While this doesn't yield a lot of solid information, it does give you a basic understanding of the fundamentals of finding these kinds of specific words and the process behind them.

###**Machine Learning?**
You may have heard of (and used) the NLTK Python library that’s a popular choice for processing text. These libraries include models that were built by processing large amounts of text. We will use both the NLTK and SpaCy NLP libraries to do something similar in another lesson. However, these libraries have models built from using large data sets to extract entities (called NER for named entity recognition). These entities include organizations, people, places, money.

The models that were built essentially learned what features (like capitalization or title words) were important when analyzing text and came up with a model that attempts to do the same thing we did here. However, we hard coded the rules (use bigrams, remove stop words, look for capital letters, etc). This is sometimes referred to as a rule-based system. The analysis is built on manually crafted rules.

In machine learning (sometimes referred to as an automatic system), some of the algorithms essentially learn what features are important (or can learn how much weight to apply to each feature) to build a model and then uses the model to classify tokens as named entities. The biggest issue is that these models could be built with a very different text source (e.g. journal articles or twitter feed) than what you are processing. Also the models themselves require a large set of resources (memory, cpu) that you may not have available. What you built in this lesson is efficient, fast and fairly accurate.

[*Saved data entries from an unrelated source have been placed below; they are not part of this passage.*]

lemma idealQ_eq_values_divisible:
  assumes "prime p" "0 < n"
  shows "idealQ p n = values_divisible p n"
proof
  show "idealQ p n \<subseteq> values_divisible p n"
    unfolding values_divisible_def
  proof (intro subsetI CollectI allI)
    fix f j assume f: "f \<in> idealQ p n"
    define i where "i = p * (j mod p ^ (n - 1))"
    have pn: "p ^ n = p * p ^ (n - 1)" using assms(2) by (cases n) auto
    have "i < p ^ n" "p dvd i"
      unfolding i_def pn using prime_gt_0_nat[OF assms(1)] by simp_all
    then have "f \<in> zx_ideal_gen {[:int p ^ n:], [:- int i, 1:]}"
      using f unfolding idealQ_def by blast
    then have fi: "int p ^ n dvd poly f (int i)" by (simp add: zx_ideal_gen_const_linear_iff)
    have "j = p ^ (n - 1) * (j div p ^ (n - 1)) + j mod p ^ (n - 1)" by simp
    then have "p * j = p ^ n * (j div p ^ (n - 1)) + i"
      unfolding i_def pn by (metis add_mult_distrib2 mult.assoc)
    then have "int p * int j - int i = int p ^ n * int (j div p ^ (n - 1))"
      by (metis add_diff_cancel_right' of_nat_add of_nat_mult of_nat_power)
    then have "int p ^ n dvd poly f (int p * int j) - poly f (int i)"
      using poly_diff_dvd dvd_trans by (metis dvd_triv_left)
    with fi show "int p ^ n dvd poly f (int p * int j)"
      by (metis diff_add_cancel dvd_add)
  qed
  show "values_divisible p n \<subseteq> idealQ p n"
    unfolding idealQ_def
  proof (intro subsetI InterI, clarify)
    fix f i assume "f \<in> values_divisible p n" "p dvd i"
    moreover obtain j where "i = p * j" using \<open>p dvd i\<close> by blast
    ultimately have "int p ^ n dvd poly f (int i)" by (simp add: values_divisible_def)
    then show "f \<in> zx_ideal_gen {[:int p ^ n:], [:- int i, 1:]}"
      by (simp add: zx_ideal_gen_const_linear_iff)
  qed
qed

definition rescaling_divisible :: "nat \<Rightarrow> nat \<Rightarrow> int poly set" where
  "rescaling_divisible p n = {f. [:int p ^ n:] dvd f \<circ>\<^sub>p [:0, int p:]}"

lemma is_zx_ideal_rescaling_divisible: "is_zx_ideal (rescaling_divisible p n)"
  unfolding is_zx_ideal_def rescaling_divisible_def by (auto simp: pcompose_add pcompose_mult)

lemma rescaling_divisible_mult:
  assumes "f \<in> rescaling_divisible p a" "g \<in> rescaling_divisible p b"
  shows "f * g \<in> rescaling_divisible p (a + b)"
proof -
  have "[:int p ^ a:] * [:int p ^ b:] dvd (f \<circ>\<^sub>p [:0, int p:]) * (g \<circ>\<^sub>p [:0, int p:])"
    using assms unfolding rescaling_divisible_def by (blast intro: mult_dvd_mono)
  then show ?thesis unfolding rescaling_divisible_def by (simp add: pcompose_mult power_add mult_ac)
qed

lemma idealM_subset_rescaling_divisible: "idealM p \<subseteq> rescaling_divisible p 1"
  unfolding idealM_def
proof (rule zx_ideal_gen_least[OF is_zx_ideal_rescaling_divisible])
  have "[:0, int p:] = [:int p:] * [:0, 1:]" by simp
  then have "[:int p:] dvd [:0, int p:]" by (metis dvd_triv_left)
  then show "{[:int p:], [:0, 1:]} \<subseteq> rescaling_divisible p 1"
    by (simp add: rescaling_divisible_def pcompose_pCons)
qed

lemma zx_ideal_pow_idealM_subset: "zx_ideal_pow (idealM p) k \<subseteq> rescaling_divisible p k"
proof (induction k)
  case 0
  show ?case by (auto simp: rescaling_divisible_def one_pCons[symmetric])
next
  case (Suc k)
  show ?case unfolding zx_ideal_pow.simps zx_ideal_mult_def
  proof (rule zx_ideal_gen_least[OF is_zx_ideal_rescaling_divisible], clarify)
    fix a b assume "a \<in> zx_ideal_pow (idealM p) k" "b \<in> idealM p"
    then show "a * b \<in> rescaling_divisible p (Suc k)"
      using Suc.IH idealM_subset_rescaling_divisible rescaling_divisible_mult[of a p k b 1] by auto
  qed
qed

lemma rescaling_divisible_subset: "rescaling_divisible p n \<subseteq> values_divisible p n"
proof
  fix f assume "f \<in> rescaling_divisible p n"
  then obtain h where h: "f \<circ>\<^sub>p [:0, int p:] = [:int p ^ n:] * h"
    unfolding rescaling_divisible_def by blast
  have "poly f (int p * int j) = int p ^ n * poly h (int j)" for j
    using arg_cong[OF h, of "\<lambda>q. poly q (int j)"] by (simp add: poly_pcompose mult.commute)
  then show "f \<in> values_divisible p n" by (simp add: values_divisible_def)
qed

lemma rescaling_divisible_coeff:
  "f \<in> rescaling_divisible p n \<Longrightarrow> int p ^ n dvd int p ^ i * coeff f i"
  unfolding rescaling_divisible_def const_poly_dvd_iff by (metis coeff_pcompose_linear mem_Collect_eq)

lemma G_Suc: "G p (Suc k) = G p k * [:- (int k * int p), 1:]"
  by (simp add: G_def)

lemma degree_G: "degree (G p k) = k"
  and lead_coeff_G: "lead_coeff (G p k) = 1"
proof (induction k)
  case 0
  show "degree (G p 0) = 0" "lead_coeff (G p 0) = 1" by (simp_all add: G_def)
next
  case (Suc k)
  then have "G p k \<noteq> 0" by auto
  then have "degree (G p k * [:- (int k * int p), 1:]) = degree (G p k) + 1"
    by (subst degree_mult_eq) auto
  then show "degree (G p (Suc k)) = Suc k" using Suc by (simp only: G_Suc)
  show "lead_coeff (G p (Suc k)) = 1" using Suc by (simp only: G_Suc lead_coeff_mult) simp
qed

lemma monic_basis_expansion:
  fixes B :: "nat \<Rightarrow> 'a::comm_ring_1 poly"
  assumes "\<And>k. degree (B k) = k" "\<And>k. lead_coeff (B k) = 1"
  shows "degree f \<le> d \<Longrightarrow> \<exists>c. f = (\<Sum>k<Suc d. smult (c k) (B k))"
proof (induction d arbitrary: f)
  case 0
  then have "f = [:coeff f 0:]" by (metis degree_0_id le_zero_eq)
  moreover have "B 0 = 1" using assms[of 0] by (metis degree_0_id one_pCons)
  ultimately show ?case by (intro exI[of _ "\<lambda>_. coeff f 0"]) simp
next
  case (Suc d)
  define g where "g = f - smult (coeff f (Suc d)) (B (Suc d))"
  have "degree g \<le> d"
  proof (rule degree_le, intro allI impI)
    fix i assume "d < i"
    show "coeff g i = 0"
    proof (cases "i = Suc d")
      case True then show ?thesis using assms(2)[of "Suc d"] by (simp add: g_def assms(1))
    next
      case False
      with \<open>d < i\<close> Suc.prems have "degree f < i" "degree (B (Suc d)) < i" by (auto simp: assms(1))
      then show ?thesis by (simp add: g_def coeff_eq_0)
    qed
  qed
  then obtain c where c: "g = (\<Sum>k<Suc d. smult (c k) (B k))" using Suc.IH by blast
  define c' where "c' = c(Suc d := coeff f (Suc d))"
  have "f = g + smult (coeff f (Suc d)) (B (Suc d))" by (simp add: g_def)
  also have "\<dots> = (\<Sum>k<Suc (Suc d). smult (c' k) (B k))"
    unfolding c by (simp add: c'_def)
  finally show ?case by blast
qed

lemma prod_diff_eq_fact_choose: "(\<Prod>h<k. int j - int h) = fact k * int (j choose k)"
proof (induction k)
  case 0 show ?case by simp
next
  case (Suc k)
  have "int (j choose k) * (int j - int k) = int (Suc k) * int (j choose Suc k)"
  proof (cases "k \<le> j")
    case True
    have "(j - k) * (j choose k) = Suc k * (j choose Suc k)"
      by (metis binomial_absorb_comp binomial_absorption)
    with True show ?thesis by (metis mult.commute of_nat_diff of_nat_mult)
  next
    case False
    then show ?thesis by (simp add: binomial_eq_0)
  qed
  then show ?case by (simp add: Suc.IH fact_Suc)
qed

lemma poly_G_multiple: "poly (G p k) (int p * int j) = int p ^ k * fact k * int (j choose k)"
proof -
  have "poly (G p k) (int p * int j) = (\<Prod>h<k. int p * (int j - int h))"
    unfolding G_def by (simp add: poly_prod algebra_simps)
  also have "\<dots> = int p ^ k * (\<Prod>h<k. int j - int h)" by (simp add: prod.distrib)
  finally show ?thesis by (simp add: prod_diff_eq_fact_choose)
qed

lemma const_p_in_idealM: "[:int p:] \<in> idealM p"
  unfolding idealM_def by (rule zx_ideal_gen_base) simp

lemma linear_factor_in_idealM: "[:- (int h * int p), 1:] \<in> idealM p"
proof -
  have "[:- (int h * int p), 1:] = [:0, 1:] + [:- int h:] * [:int p:]" by simp
  also have "\<dots> \<in> idealM p"
    unfolding idealM_def
    by (intro zx_ideal_add_closed[OF is_zx_ideal_gen] zx_ideal_mult_closed[OF is_zx_ideal_gen])
       (simp_all add: zx_ideal_gen_base)
  finally show ?thesis .
qed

In the follow-on course, you'll be able to build your own text-based models.


##**Submission**

After implementing all the functions and testing them please download the notebook as "info407_project_text_analysis_finding_characters.py" and submit to gradescope under "Project - Text Analysis - Finding Characters" assignment tab.

**NOTES**

* Be sure to use the function names and parameter names as given.
* DO NOT use your own function or parameter names.
* Your file MUST be named "info407_project_text_analysis_finding_characters.py".
* Comment out any lines of code and/or function calls to those functions that produce errors.
* Grading cannot be performed if any of these are violated.